Однажды утром он упал. Она не могла поднять его: он лежал в пижаме на их красивом ламинате экзотического дерева, она стояла перед ним на коленях, и оба ревели. В конце концов ей пришлось через балкон позвать на помощь соседку. Соседка, молодая русская женщина, действовала решительно, ловко, но, как только они из последних сил дотащили Томаша до постели и уложили его, она кинулась на шею Эстер и тоже расплакалась. Эстер даже утешала ее. С тех пор Томаш уже не вставал. Они стали пользоваться пластиковой уткой и бумажными подстилками.

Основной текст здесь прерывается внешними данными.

lemma keys_dickson_subset: "Poly_Mapping.keys (D n) \<subseteq> X"
proof (induction n rule: induct_nat_012)
  case (ge2 n)
  have "Poly_Mapping.keys (frag_of x \<star> D (Suc n)) \<subseteq> X"
    using ge2 x_in_carrier by (intro keys_chain_mult_subset) simp_all
  with ge2 show ?case
    using keys_diff[of "frag_of x \<star> D (Suc n)" "D n"] by auto
qed (simp_all add: unit_in_carrier x_in_carrier)

lemma dickson_commute: "D n \<star> frag_of x = frag_of x \<star> D n"
proof (induction n rule: induct_nat_012)
  case 0
  then show ?case
    using x_in_carrier by (simp add: mul_unit_left mul_unit_right)
next
  case (ge2 n)
  have "D (Suc (Suc n)) \<star> frag_of x = (frag_of x \<star> D (Suc n)) \<star> frag_of x - D n \<star> frag_of x"
    by (simp add: chain_mult_diff_left)
  also have "\<dots> = frag_of x \<star> (D (Suc n) \<star> frag_of x) - frag_of x \<star> D n"
    using ge2 chain_mult_assoc keys_dickson_subset x_in_carrier by simp
  also have "\<dots> = frag_of x \<star> D (Suc (Suc n))"
    using ge2 by (simp add: chain_mult_diff_right)
  finally show ?case .
qed simp

lemma dickson_mult_x:
  assumes "1 \<le> m"
  shows "D m \<star> frag_of x = D (m + 1) + D (m - 1)"
proof -
  obtain n where m: "m = Suc n"
    using assms Suc_le_D by auto
  have "D (m + 1) = frag_of x \<star> D m - D (m - 1)"
    by (simp add: m)
  then show ?thesis
    using dickson_commute[of m] by simp
qed

lemma dickson_mult: "n \<le> m \<Longrightarrow> D m \<star> D n = D (m + n) + D (m - n)"
proof (induction n arbitrary: m rule: induct_nat_012)
  case 0
  then show ?case
    using keys_dickson_subset chain_mult_unit_right by simp
next
  case 1
  then show ?case
    using dickson_mult_x by simp
next
  case (ge2 k)
  have "D m \<star> D (Suc (Suc k)) = D m \<star> (frag_of x \<star> D (Suc k)) - D m \<star> D k"
    by (simp add: chain_mult_diff_right)
  also have "\<dots> = (D m \<star> frag_of x) \<star> D (Suc k) - D m \<star> D k"
    using chain_mult_assoc keys_dickson_subset x_in_carrier by simp
  also have "\<dots> = D (m + 1) \<star> D (Suc k) + D (m - 1) \<star> D (Suc k) - D m \<star> D k"
    using dickson_mult_x ge2.prems by (simp add: chain_mult_add_left)
  also have "\<dots> = (D (m + 1 + Suc k) + D (m + 1 - Suc k)) + (D (m - 1 + Suc k) + D (m - 1 - Suc k))
                 - (D (m + k) + D (m - k))"
    using ge2.IH(1)[of m] ge2.IH(2)[of "m + 1"] ge2.IH(2)[of "m - 1"] ge2.prems by simp
  also have "\<dots> = D (m + Suc (Suc k)) + D (m - Suc (Suc k))"
    using ge2.prems by (simp del: dickson.simps add: Suc_diff_le)
  finally show ?case .
qed

lemma dickson_power_of_two_add:
  assumes "D (2 ^ a) = frag_of z" and "j \<le> 2 ^ a"
  shows "D (2 ^ a + j) = frag_of z \<star> D j - D (2 ^ a - j)"
  using dickson_mult[OF assms(2)] assms(1) by (simp add: algebra_simps)

inductive_set dickson_sums :: "nat \<Rightarrow> ('a \<Rightarrow>\<^sub>0 int) set" for r where
  dickson: "k \<le> r \<Longrightarrow> D k \<in> dickson_sums r"
| add: "f \<in> dickson_sums r \<Longrightarrow> g \<in> dickson_sums r \<Longrightarrow> f + g \<in> dickson_sums r"

lemma keys_dickson_sums:
  "f \<in> dickson_sums r \<Longrightarrow> Poly_Mapping.keys f \<subseteq> (\<Union>k\<le>r. Poly_Mapping.keys (D k))"
proof (induction rule: dickson_sums.induct)
  case (add f g)
  then show ?case
    using keys_add[of f g] by blast
qed auto

lemma dickson_sums_mult_x:
  "f \<in> dickson_sums r \<Longrightarrow> f \<star> frag_of x \<in> dickson_sums (Suc r)"
proof (induction rule: dickson_sums.induct)
  case (dickson k)
  show ?case
  proof (cases k)
    case 0
    then have eq: "D k \<star> frag_of x = D 1 + D 1"
      using x_in_carrier by (simp add: mul_unit_left)
    show ?thesis
      unfolding eq by (intro dickson_sums.add dickson_sums.dickson) simp_all
  next
    case (Suc k')
    then have eq: "D k \<star> frag_of x = D (k + 1) + D (k - 1)"
      using dickson_mult_x by simp
    show ?thesis
      unfolding eq using dickson by (intro dickson_sums.add dickson_sums.dickson) simp_all
  qed
next
  case (add f g)
  then show ?case
    by (simp add: chain_mult_add_left dickson_sums.add)
qed
lemma dissolve_simps [simp]:
  "arrived (dissolve B s) = arrived s" "departed (dissolve B s) = departed s"
  "item_size (dissolve B s) = item_size s"
  by (simp_all add: dissolve_def)

lemma moves_dissolve:
  "moves s j \<le> moves (dissolve B s) j"
  "bin (dissolve B s) j \<noteq> bin s j \<Longrightarrow> moves (dissolve B s) j = Suc (moves s j)"
  by (auto simp: dissolve_def split: if_splits)

lemma depart_simps [simp]:
  "arrived (depart i s) = arrived s" "departed (depart i s) = insert i (departed s)"
  "item_size (depart i s) = item_size s"
  by (simp_all add: depart_def)

lemma moves_depart:
  "moves s j \<le> moves (depart i s) j"
  "bin (depart i s) j \<noteq> bin s j \<Longrightarrow> moves (depart i s) j = Suc (moves s j)"
  using moves_dissolve[where s = "remove_item i s" and j = j] by (auto simp: depart_def split: if_splits)

lemma arrive_simps [simp]:
  "arrived (arrive i x s) = insert i (arrived s)" "departed (arrive i x s) = departed s"
  "item_size (arrive i x s) = (if i \<in> arrived s then item_size s else (item_size s)(i := x))"
  "moves (arrive i x s) = moves s"
  by (simp_all add: arrive_def insert_absorb)

lemma bin_arrive: "j \<in> arrived s \<Longrightarrow> bin (arrive i x s) j = bin s j"
  by (auto simp: arrive_def)

lemma step_simps:
  "arrived (step (t, k, i, x) s) = (if k = 0 then arrived s else insert i (arrived s))"
  "departed (step (t, k, i, x) s) = (if k = 0 then insert i (departed s) else departed s)"
  "item_size (step (t, k, i, x) s) =
     (if k = 0 \<or> i \<in> arrived s then item_size s else (item_size s)(i := x))"
  by (simp_all add: step_def)

lemma moves_step:
  "moves s j \<le> moves (step e s) j"
  "j \<in> arrived s \<Longrightarrow> bin (step e s) j \<noteq> bin s j \<Longrightarrow> moves (step e s) j = Suc (moves s j)"
proof -
  obtain t k i x where e: "e = (t, k, i, x)" by (cases e)
  show "moves s j \<le> moves (step e s) j"
    using moves_depart(1) by (simp add: e step_def)
  show "j \<in> arrived s \<Longrightarrow> bin (step e s) j \<noteq> bin s j \<Longrightarrow> moves (step e s) j = Suc (moves s j)"
    using moves_depart(2) bin_arrive by (auto simp: e step_def split: if_splits)
qed

lemma arrived_fold_step:
  "arrived (fold step es s) = arrived s \<union> {i. \<exists>t k x. (t, k, i, x) \<in> set es \<and> k \<noteq> 0}"
proof (induction es arbitrary: s)
  case (Cons e es)
  obtain t k i x where "e = (t, k, i, x)" by (cases e)
  with Cons show ?case by (auto simp: step_simps)
qed simp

Эстер переходит на противоположный тротуар и непривычно медленно, словно пытаясь обрести утраченное самообладание (у нее есть еще время, Иогана явится только через три четверти часа), идет мимо гимназии и заправочной станции к дому. Когда Томаш заправлялся, Эстер всегда оставалась в машине, но, как только он вешал шланг на место, она обычно выходила из машины и брала его под руку — ей нравилось вместе с ним идти расплачиваться у кассы (шутя, он жаловался, что из-за ее каприза он должен запирать машину). На ступенях, которые отделяют Эстер от застекленной входной двери, Томаш неожиданно оживает в ее памяти: он моет лобовое стекло автомобиля и улыбается ей.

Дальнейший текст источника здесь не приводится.